===== Extracted material

(* Let $\Omega=(a_1,b_1)\times\cdots\times(a_n,b_n)\subset\mathbb{R}^n$ be a bounded box with admissible mesh size vector $h$. (i) The first eigenvalue of $-\Delta_h$ on $\Omega_h$ with zero Dirichlet boundary conditions on $\partial\Omega_h$ is simple and equals $$\lambda_{1,h}=\sum_{i=1}^n\frac{4}{h_i^2}\sin^2\Big(\frac{\pi h_i}{2(b_i-a_i)}\Big)<\sum_{i=1}^n\frac{\pi^2}{(b_i-a_i)^2}=:\lambda_1,$$ with eigenfunction $\phi_{1,h}(x)=\prod_{i=1}^n\sin\frac{\pi(x_i-a_i)}{b_i-a_i}>0$ for $x\in\Omega_h$. (ii) Let $t>0$ be such that $\sum_{x\in\Omega_h}t\,\phi_{1,h}(x)\,\mathbf{h}=1$. Then $t\,\phi_{1,h}(x)\ge\frac{2^n}{|\Omega|^2}\operatorname{dist}(x,\partial\Omega_h)^n$ for all $x\in\Omega_h$.
   Context: Admissible mesh: $h=(h_1,\dots,h_n)$, $h_i>0$, $a_i=k_ih_i$, $b_i=l_ih_i$, $k_i,l_i\in\mathbb{Z}$, $l_i-k_i>1$. $\mathbb{R}^n_h=\{(h_1z_1,\dots,h_nz_n):z_i\in\mathbb{Z}\}$, $\Omega_h=\Omega\cap\mathbb{R}^n_h$, $\partial\Omega_h=\partial\Omega\cap\mathbb{R}^n_h$, $\mathbf{h}=h_1\cdots h_n$, $|\Omega|=\prod_i(b_i-a_i)$. $\Delta_hu(x)=\sum_i\frac{u(x+h_ie_i)-2u(x)+u(x-h_ie_i)}{h_i^2}$. $\operatorname{dist}(x,\partial\Omega_h)$ is the Euclidean distance from $x$ to the set $\partial\Omega_h$. *)

theory Defs
  imports "HOL-Analysis.Analysis"
begin

text \<open>Points of R^n are vectors of type real^'n; the dimension is n = CARD('n).
  The box Omega = (a_1,b_1) x ... x (a_n,b_n) is the open box  box a b.\<close>

definition admissible_mesh :: "real^'n \<Rightarrow> real^'n \<Rightarrow> real^'n \<Rightarrow> bool" where
  "admissible_mesh a b h \<longleftrightarrow>
     (\<forall>i. h$i > 0 \<and> (\<exists>k l :: int. a$i = of_int k * h$i \<and> b$i = of_int l * h$i \<and> l - k > 1))"

definition grid :: "real^'n \<Rightarrow> (real^'n) set" where
  "grid h = {x. \<forall>i. \<exists>z::int. x$i = h$i * of_int z}"

definition Omega_h :: "real^'n \<Rightarrow> real^'n \<Rightarrow> real^'n \<Rightarrow> (real^'n) set" where
  "Omega_h a b h = box a b \<inter> grid h"

definition bdry_h :: "real^'n \<Rightarrow> real^'n \<Rightarrow> real^'n \<Rightarrow> (real^'n) set" where
  "bdry_h a b h = frontier (box a b) \<inter> grid h"

definition disc_lap :: "real^'n \<Rightarrow> (real^'n \<Rightarrow> real) \<Rightarrow> real^'n \<Rightarrow> real" where
  "disc_lap h u x = (\<Sum>i\<in>UNIV. (u (x + h$i *\<^sub>R axis i 1) - 2 * u x + u (x - h$i *\<^sub>R axis i 1)) / (h$i)^2)"

definition dir_eigenfun :: "real^'n \<Rightarrow> real^'n \<Rightarrow> real^'n \<Rightarrow> real \<Rightarrow> (real^'n \<Rightarrow> real) \<Rightarrow> bool" where
  "dir_eigenfun a b h lam u \<longleftrightarrow>
     (\<forall>x\<in>bdry_h a b h. u x = 0) \<and> (\<exists>x\<in>Omega_h a b h. u x \<noteq> 0) \<and>
     (\<forall>x\<in>Omega_h a b h. - disc_lap h u x = lam * u x)"

definition dir_eigenvalue :: "real^'n \<Rightarrow> real^'n \<Rightarrow> real^'n \<Rightarrow> real \<Rightarrow> bool" where
  "dir_eigenvalue a b h lam \<longleftrightarrow> (\<exists>u. dir_eigenfun a b h lam u)"

definition first_simple_eigen :: "real^'n \<Rightarrow> real^'n \<Rightarrow> real^'n \<Rightarrow> real \<Rightarrow> (real^'n \<Rightarrow> real) \<Rightarrow> bool" where
  "first_simple_eigen a b h lam phi \<longleftrightarrow>
     dir_eigenfun a b h lam phi \<and>
     (\<forall>mu. dir_eigenvalue a b h mu \<longrightarrow> lam \<le> mu) \<and>
     (\<forall>u. dir_eigenfun a b h lam u \<longrightarrow> (\<exists>c. \<forall>x\<in>Omega_h a b h. u x = c * phi x))"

==========

* _Your objective_: After locating the line with "text \<open>Points of" in the material above, return it and each line after it exactly, ending at the line with "a b \<inter>".

* _Result for this exercise_:
text \<open>Points of R^n are vectors of type real^'n; the dimension is n = CARD('n).
  The box Omega = (a_1,b_1) x ... x (a_n,b_n) is the open box  box a b.\<close>

definition admissible_mesh :: "real^'n \<Rightarrow> real^'n \<Rightarrow> real^'n \<Rightarrow> bool" where
  "admissible_mesh a b h \<longleftrightarrow>
     (\<forall>i. h$i > 0 \<and> (\<exists>k l :: int. a$i = of_int k * h$i \<and> b$i = of_int l * h$i \<and> l - k > 1))"

definition grid :: "real^'n \<Rightarrow> (real^'n) set" where
  "grid h = {x. \<forall>i. \<exists>z::int. x$i = h$i * of_int z}"

definition Omega_h :: "real^'n \<Rightarrow> real^'n \<Rightarrow> real^'n \<Rightarrow> (real^'n) set" where
  "Omega_h a b h = box a b \<inter> grid h"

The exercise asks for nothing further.